* _DATA FOR PROCESSING_:
################

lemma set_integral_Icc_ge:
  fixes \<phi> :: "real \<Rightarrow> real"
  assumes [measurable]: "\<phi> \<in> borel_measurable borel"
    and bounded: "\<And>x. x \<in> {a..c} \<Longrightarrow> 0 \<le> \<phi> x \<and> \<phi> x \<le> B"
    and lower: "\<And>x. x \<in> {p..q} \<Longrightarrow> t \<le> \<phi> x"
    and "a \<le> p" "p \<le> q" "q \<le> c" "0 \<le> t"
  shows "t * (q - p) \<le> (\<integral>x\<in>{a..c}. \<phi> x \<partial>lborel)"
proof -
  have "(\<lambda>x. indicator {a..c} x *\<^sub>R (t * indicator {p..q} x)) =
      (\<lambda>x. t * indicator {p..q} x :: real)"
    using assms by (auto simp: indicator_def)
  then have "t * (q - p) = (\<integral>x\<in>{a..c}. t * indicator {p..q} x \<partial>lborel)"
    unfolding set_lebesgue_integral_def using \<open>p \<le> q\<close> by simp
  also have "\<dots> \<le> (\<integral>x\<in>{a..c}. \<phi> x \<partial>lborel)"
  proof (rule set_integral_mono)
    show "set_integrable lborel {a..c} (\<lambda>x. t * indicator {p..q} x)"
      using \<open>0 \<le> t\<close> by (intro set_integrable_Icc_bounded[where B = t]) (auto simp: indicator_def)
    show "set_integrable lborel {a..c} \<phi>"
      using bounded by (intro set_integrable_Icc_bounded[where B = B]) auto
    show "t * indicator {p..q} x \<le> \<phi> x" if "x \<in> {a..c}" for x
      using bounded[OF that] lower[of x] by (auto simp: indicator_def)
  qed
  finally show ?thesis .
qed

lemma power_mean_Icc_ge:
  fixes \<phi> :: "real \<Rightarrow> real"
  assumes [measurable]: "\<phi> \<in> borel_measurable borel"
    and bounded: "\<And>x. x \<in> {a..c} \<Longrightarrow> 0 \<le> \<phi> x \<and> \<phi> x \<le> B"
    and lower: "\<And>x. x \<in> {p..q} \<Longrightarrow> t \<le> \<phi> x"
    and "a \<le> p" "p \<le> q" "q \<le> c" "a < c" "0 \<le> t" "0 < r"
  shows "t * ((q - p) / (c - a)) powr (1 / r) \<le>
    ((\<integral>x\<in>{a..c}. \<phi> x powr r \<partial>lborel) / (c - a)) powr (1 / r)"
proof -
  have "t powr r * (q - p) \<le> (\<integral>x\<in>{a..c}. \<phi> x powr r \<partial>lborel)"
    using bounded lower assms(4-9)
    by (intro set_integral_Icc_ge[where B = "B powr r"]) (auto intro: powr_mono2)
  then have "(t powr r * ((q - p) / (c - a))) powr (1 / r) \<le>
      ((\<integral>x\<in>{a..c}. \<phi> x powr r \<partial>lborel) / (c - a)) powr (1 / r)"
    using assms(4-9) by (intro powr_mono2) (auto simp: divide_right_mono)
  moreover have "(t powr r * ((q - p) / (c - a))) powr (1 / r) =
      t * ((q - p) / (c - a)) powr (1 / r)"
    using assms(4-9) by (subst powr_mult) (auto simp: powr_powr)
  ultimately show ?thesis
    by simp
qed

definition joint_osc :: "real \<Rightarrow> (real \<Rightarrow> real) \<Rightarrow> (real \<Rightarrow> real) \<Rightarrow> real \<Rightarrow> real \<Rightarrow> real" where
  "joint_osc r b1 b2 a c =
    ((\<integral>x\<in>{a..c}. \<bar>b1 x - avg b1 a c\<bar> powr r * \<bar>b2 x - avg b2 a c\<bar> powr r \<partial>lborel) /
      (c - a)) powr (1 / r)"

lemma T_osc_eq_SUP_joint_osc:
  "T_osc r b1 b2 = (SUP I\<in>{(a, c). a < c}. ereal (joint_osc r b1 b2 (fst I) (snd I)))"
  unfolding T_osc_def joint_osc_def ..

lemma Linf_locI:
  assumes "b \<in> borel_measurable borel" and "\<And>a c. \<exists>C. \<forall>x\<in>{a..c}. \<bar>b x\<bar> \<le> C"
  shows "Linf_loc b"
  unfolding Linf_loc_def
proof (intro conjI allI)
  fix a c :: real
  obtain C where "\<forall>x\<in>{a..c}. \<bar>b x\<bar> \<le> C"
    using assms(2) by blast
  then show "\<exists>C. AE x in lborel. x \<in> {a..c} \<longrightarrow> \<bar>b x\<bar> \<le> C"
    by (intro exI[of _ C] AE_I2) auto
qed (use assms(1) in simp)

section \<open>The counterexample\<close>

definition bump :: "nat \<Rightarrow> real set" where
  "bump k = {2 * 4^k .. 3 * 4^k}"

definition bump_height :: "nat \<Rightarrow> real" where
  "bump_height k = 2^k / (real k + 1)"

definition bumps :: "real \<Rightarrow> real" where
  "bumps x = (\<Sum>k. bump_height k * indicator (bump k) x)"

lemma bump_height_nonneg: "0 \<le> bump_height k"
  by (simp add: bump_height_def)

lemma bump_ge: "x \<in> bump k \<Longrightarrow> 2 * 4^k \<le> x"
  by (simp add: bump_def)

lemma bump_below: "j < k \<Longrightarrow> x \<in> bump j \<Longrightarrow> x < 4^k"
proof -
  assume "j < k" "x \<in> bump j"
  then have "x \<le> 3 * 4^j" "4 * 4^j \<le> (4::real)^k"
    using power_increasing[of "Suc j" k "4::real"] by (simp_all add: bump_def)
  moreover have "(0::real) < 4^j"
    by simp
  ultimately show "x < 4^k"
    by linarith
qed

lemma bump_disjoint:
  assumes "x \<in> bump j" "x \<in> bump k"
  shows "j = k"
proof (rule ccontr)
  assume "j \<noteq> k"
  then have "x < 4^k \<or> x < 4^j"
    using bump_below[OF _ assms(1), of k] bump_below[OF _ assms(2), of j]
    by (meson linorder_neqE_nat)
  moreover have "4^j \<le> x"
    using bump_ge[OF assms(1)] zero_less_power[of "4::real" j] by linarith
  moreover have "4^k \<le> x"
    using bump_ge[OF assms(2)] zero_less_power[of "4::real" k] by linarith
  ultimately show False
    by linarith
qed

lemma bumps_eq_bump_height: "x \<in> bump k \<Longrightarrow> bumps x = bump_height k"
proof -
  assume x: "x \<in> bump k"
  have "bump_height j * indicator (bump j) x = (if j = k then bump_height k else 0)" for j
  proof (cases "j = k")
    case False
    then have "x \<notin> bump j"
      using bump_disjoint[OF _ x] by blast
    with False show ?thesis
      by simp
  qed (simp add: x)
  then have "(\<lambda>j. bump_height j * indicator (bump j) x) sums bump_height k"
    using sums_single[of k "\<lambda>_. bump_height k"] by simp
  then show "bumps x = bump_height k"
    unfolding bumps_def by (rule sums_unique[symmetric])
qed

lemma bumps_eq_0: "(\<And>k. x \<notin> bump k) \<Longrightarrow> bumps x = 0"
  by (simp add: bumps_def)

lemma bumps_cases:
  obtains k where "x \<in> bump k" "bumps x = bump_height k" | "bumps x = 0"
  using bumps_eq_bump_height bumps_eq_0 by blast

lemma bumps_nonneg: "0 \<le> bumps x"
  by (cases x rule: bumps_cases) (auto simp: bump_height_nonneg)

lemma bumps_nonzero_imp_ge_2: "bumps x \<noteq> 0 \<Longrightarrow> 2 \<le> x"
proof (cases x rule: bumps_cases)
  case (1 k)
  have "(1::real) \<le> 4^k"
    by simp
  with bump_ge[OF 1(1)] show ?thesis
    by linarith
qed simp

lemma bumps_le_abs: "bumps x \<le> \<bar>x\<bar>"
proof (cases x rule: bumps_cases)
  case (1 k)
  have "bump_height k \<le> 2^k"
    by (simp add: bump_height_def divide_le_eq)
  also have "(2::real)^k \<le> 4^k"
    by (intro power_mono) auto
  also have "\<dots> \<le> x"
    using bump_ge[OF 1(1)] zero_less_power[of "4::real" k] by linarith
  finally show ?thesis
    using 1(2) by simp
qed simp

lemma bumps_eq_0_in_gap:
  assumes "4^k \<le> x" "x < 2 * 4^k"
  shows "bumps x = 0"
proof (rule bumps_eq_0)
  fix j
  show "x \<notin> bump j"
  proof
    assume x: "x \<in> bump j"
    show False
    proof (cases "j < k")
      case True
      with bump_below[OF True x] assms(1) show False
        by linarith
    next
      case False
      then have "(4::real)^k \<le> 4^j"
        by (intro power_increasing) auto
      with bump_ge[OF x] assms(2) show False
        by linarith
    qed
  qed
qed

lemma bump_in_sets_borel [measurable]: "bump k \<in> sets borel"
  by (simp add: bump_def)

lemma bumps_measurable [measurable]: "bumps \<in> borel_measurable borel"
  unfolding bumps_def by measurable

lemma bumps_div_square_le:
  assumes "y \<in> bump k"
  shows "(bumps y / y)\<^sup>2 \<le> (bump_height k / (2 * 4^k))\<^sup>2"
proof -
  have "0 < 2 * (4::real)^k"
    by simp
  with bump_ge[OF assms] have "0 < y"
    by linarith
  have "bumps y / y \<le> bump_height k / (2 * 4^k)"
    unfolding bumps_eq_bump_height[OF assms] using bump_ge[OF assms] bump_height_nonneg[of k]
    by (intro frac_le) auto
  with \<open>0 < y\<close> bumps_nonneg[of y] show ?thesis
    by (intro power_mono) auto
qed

################

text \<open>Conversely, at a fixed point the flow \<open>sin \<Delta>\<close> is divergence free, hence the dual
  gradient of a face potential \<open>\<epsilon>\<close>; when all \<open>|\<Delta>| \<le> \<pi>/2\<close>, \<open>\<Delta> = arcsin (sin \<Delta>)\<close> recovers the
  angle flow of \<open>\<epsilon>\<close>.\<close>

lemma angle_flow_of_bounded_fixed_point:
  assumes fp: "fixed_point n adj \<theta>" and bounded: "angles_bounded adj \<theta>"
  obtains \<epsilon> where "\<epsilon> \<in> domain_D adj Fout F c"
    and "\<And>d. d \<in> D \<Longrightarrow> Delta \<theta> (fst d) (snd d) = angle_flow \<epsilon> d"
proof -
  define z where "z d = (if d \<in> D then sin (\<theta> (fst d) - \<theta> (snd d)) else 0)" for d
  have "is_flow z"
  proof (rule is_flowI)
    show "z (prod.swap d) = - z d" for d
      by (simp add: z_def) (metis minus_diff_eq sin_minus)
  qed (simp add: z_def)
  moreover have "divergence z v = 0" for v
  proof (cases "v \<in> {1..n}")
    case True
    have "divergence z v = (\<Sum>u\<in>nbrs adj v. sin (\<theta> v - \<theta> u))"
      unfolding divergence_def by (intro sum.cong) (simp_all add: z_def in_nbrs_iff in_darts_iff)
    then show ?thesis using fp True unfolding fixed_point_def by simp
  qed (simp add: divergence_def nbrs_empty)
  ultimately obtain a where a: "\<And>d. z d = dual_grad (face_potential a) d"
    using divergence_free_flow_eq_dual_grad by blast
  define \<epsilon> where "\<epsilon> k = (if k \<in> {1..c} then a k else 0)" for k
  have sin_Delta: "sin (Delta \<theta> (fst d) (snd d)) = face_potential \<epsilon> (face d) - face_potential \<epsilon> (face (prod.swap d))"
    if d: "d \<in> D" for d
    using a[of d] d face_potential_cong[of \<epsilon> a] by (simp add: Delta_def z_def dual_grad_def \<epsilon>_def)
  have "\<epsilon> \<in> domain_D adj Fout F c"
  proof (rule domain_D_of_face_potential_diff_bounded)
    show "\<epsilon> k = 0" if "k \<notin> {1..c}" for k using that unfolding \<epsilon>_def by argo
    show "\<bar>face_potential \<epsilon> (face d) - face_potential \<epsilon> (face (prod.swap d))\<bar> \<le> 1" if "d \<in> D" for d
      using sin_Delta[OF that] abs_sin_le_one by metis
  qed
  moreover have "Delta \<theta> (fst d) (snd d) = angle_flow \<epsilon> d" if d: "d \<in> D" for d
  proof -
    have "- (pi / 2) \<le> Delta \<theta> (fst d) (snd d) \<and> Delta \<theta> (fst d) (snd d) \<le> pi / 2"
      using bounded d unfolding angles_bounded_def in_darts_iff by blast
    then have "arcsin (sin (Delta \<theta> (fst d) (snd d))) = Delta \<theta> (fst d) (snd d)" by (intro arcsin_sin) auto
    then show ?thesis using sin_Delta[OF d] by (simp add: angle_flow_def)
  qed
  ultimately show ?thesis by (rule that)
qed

################

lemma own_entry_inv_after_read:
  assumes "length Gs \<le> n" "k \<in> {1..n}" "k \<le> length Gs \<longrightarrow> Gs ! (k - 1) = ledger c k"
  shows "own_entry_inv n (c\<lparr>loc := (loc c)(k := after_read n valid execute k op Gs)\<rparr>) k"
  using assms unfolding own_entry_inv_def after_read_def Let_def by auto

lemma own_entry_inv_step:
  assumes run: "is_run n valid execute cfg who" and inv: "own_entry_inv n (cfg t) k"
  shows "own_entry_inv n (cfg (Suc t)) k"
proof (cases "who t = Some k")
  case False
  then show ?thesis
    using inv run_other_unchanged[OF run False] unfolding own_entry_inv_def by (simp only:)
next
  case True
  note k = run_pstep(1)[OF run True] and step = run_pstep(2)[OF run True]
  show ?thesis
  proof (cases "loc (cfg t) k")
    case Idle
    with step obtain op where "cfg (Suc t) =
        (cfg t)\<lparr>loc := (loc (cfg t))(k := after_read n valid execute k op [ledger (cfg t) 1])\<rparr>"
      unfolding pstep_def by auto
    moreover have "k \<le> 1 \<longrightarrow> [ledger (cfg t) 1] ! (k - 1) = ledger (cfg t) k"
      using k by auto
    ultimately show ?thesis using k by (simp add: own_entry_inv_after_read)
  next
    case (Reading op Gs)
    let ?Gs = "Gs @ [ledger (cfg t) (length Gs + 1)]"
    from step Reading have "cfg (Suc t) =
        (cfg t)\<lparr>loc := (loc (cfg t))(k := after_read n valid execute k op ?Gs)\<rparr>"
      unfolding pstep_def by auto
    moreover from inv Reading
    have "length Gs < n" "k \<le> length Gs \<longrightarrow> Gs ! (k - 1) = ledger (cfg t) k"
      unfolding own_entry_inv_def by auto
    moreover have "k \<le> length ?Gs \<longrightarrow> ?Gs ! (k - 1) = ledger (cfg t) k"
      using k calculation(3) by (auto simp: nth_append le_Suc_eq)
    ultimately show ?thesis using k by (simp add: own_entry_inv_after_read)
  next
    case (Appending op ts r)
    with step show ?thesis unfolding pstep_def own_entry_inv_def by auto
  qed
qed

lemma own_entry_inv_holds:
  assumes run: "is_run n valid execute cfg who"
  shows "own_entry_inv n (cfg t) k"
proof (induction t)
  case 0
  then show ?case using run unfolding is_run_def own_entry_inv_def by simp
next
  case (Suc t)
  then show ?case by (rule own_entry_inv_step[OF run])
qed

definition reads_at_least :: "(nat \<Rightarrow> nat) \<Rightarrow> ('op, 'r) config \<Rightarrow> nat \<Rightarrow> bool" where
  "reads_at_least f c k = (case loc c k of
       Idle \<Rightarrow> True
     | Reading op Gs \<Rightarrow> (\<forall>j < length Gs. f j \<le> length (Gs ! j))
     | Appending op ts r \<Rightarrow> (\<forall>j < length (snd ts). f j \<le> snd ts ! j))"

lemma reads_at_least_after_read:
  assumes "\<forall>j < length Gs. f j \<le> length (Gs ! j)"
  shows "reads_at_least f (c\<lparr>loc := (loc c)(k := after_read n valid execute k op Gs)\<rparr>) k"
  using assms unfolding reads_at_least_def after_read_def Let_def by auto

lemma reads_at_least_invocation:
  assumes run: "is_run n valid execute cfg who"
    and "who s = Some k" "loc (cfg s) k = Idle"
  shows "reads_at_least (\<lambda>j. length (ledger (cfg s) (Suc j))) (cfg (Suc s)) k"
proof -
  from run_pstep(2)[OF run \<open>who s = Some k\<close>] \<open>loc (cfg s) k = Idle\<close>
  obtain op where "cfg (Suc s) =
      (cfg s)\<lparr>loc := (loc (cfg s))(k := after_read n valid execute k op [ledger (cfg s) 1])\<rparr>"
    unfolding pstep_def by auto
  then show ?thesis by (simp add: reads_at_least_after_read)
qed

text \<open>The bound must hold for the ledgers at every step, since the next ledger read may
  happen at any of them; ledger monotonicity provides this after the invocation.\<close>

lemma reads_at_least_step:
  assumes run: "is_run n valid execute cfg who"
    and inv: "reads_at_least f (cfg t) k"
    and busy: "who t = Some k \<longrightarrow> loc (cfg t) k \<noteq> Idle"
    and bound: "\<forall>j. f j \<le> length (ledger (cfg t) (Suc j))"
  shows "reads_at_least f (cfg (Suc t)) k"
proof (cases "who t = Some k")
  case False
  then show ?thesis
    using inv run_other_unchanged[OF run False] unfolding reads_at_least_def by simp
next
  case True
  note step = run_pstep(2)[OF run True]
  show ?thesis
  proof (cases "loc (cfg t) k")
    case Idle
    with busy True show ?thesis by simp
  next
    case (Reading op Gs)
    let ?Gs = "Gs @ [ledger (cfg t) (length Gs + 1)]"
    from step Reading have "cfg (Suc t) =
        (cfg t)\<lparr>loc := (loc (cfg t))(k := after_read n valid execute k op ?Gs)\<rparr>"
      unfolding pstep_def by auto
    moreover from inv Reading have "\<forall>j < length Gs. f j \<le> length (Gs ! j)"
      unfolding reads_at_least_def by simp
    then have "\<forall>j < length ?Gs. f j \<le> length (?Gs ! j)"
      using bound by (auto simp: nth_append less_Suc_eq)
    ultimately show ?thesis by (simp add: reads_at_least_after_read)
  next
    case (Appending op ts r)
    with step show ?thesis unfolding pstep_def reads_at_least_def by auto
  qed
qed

################

* _EXERCISE GOAL_: Wherever the word "notin" appears in the entries above, copy that line.

* _ANSWER BOX_:
    then have "x \<notin> bump j"
lemma bumps_eq_0: "(\<And>k. x \<notin> bump k) \<Longrightarrow> bumps x = 0"
  show "x \<notin> bump j"
    show "\<epsilon> k = 0" if "k \<notin> {1..c}" for k using that unfolding \<epsilon>_def by argo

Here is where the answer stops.